CPU SS: A two-core superscalar microprocessor that provides out-of-order issue capabilities on two *function units* (FUs). Only a single thread can run on each core at a time.

CPU MT: A fine-grained multithreaded processor that allows instructions from two threads to be run concurrently (i.e., there are two functional units), though only instructions from a single thread can be issued on any cycle.

CPU SMT: An SMT processor that allows instructions from two threads to be run concurrently (i.e., there are two functional units), and instructions from either or both threads can be issued to run on any cycle.

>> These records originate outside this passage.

text \<open>If a frame \<open>X\<close> with \<open>det X \<noteq> 0\<close> solves \<open>X' = X A\<close>, the quotient rule gives the
  derivative of the ratio \<open>X\<^sub>i\<^sub>j / X\<^sub>k\<^sub>j\<close> of two entries of column \<open>j\<close> as
  \<open>\<plusminus>det X \<cdot> A\<^sub>l\<^sub>j / X\<^sub>k\<^sub>j\<^sup>2\<close>, \<open>l\<close> being the other column: the contribution of \<open>A\<^sub>j\<^sub>j\<close> cancels.
  Each component of the four Gauss maps is such a ratio, so it is constant in \<open>u\<close> (resp. \<open>v\<close>)
  exactly where one off-diagonal entry of the coefficient matrix of the \<open>u\<close>- (resp. \<open>v\<close>-)
  equation vanishes, and these entries are \<open>Q\<close>, \<open>R\<close>, \<open>H - 1\<close> or \<open>H + 1\<close> times a nowhere
  vanishing factor.\<close>

lemma column_cross_matrix_mult:
  fixes X A :: "real^2^2"
  assumes "i \<noteq> k" and "l \<noteq> j"
  shows "(X ** A)$i$j * X$k$j - X$i$j * (X ** A)$k$j = (X$i$l * X$k$j - X$i$j * X$k$l) * A$l$j"
proof -
  have "i = 1 \<and> k = 2 \<or> i = 2 \<and> k = 1" and "j = 1 \<and> l = 2 \<or> j = 2 \<and> l = 1"
    using assms exhaust_2[of i] exhaust_2[of k] exhaust_2[of j] exhaust_2[of l] by auto
  then show ?thesis
    by (elim disjE conjE) (simp_all add: matrix_matrix_mult_def sum_2 algebra_simps)
qed

lemma abs_column_cross_eq_abs_det:
  fixes X :: "real^2^2"
  assumes "i \<noteq> k" and "l \<noteq> j"
  shows "\<bar>X$i$l * X$k$j - X$i$j * X$k$l\<bar> = \<bar>det X\<bar>"
proof -
  have "i = 1 \<and> k = 2 \<or> i = 2 \<and> k = 1" and "j = 1 \<and> l = 2 \<or> j = 2 \<and> l = 1"
    using assms exhaust_2[of i] exhaust_2[of k] exhaust_2[of j] exhaust_2[of l] by auto
  then show ?thesis
    by (elim disjE conjE) (simp_all add: det_2 abs_minus_commute mult.commute)
qed

lemma has_vector_derivative_matrix_entry:
  fixes X :: "real \<Rightarrow> real^'n^'m"
  assumes "(X has_vector_derivative D) F"
  shows "((\<lambda>t. X t $ i $ j) has_vector_derivative D $ i $ j) F"
proof -
  have "bounded_linear (\<lambda>Y::real^'n^'m. Y $ i $ j)"
    by (rule bounded_linear_compose[OF bounded_linear_vec_nth bounded_linear_vec_nth])
  from bounded_linear.has_vector_derivative[OF this assms] show ?thesis .
qed

lemma column_ratio_has_vector_derivative_0_iff:
  fixes X :: "real \<Rightarrow> real^2^2"
  assumes X': "(X has_vector_derivative X t ** A) (at t)"
    and det: "det (X t) \<noteq> 0" and denom: "X t $k$j \<noteq> 0" and "i \<noteq> k" and "l \<noteq> j"
  shows "((\<lambda>s. X s$i$j / X s$k$j) has_vector_derivative 0) (at t) \<longleftrightarrow> A$l$j = 0"
proof -
  let ?c = "X t$i$l * X t$k$j - X t$i$j * X t$k$l"
  have "((\<lambda>s. X s$i$j / X s$k$j) has_real_derivative
      ((X t ** A)$i$j * X t$k$j - X t$i$j * (X t ** A)$k$j) / (X t$k$j * X t$k$j)) (at t)"
    using has_vector_derivative_matrix_entry[OF X'] denom
    by (intro DERIV_divide) (simp_all add: has_real_derivative_iff_has_vector_derivative)
  then have "((\<lambda>s. X s$i$j / X s$k$j) has_vector_derivative ?c * A$l$j / (X t$k$j)\<^sup>2) (at t)"
    using assms
    by (simp add: column_cross_matrix_mult power2_eq_square has_real_derivative_iff_has_vector_derivative)
  then have "((\<lambda>s. X s$i$j / X s$k$j) has_vector_derivative 0) (at t) \<longleftrightarrow> ?c * A$l$j / (X t$k$j)\<^sup>2 = 0"
    by (auto dest: vector_derivative_unique_at)
  moreover have "?c \<noteq> 0"
    using abs_column_cross_eq_abs_det[OF \<open>i \<noteq> k\<close> \<open>l \<noteq> j\<close>, of "X t"] det by auto
  ultimately show ?thesis
    using denom by simp
qed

Assume we have two threads X and Y to run on these CPUs that include the following operations:

| Thread X                                     | Thread Y                                            |
|----------------------------------------------|-----------------------------------------------------|
| A1 – takes three cycles to execute           | B1 – take two cycles to execute                     |
| A2 – no dependences                          | B2 – conflicts for a functional unit with B1        |
| A3 – conflicts for a functional unit with A1 | B3 – depends on the result of B2                    |
| A4 – depends on the result of A3             | B4 – no dependences and takes two cycles to execute |

Assume all instructions take a single cycle to execute unless noted otherwise or they encounter a hazard.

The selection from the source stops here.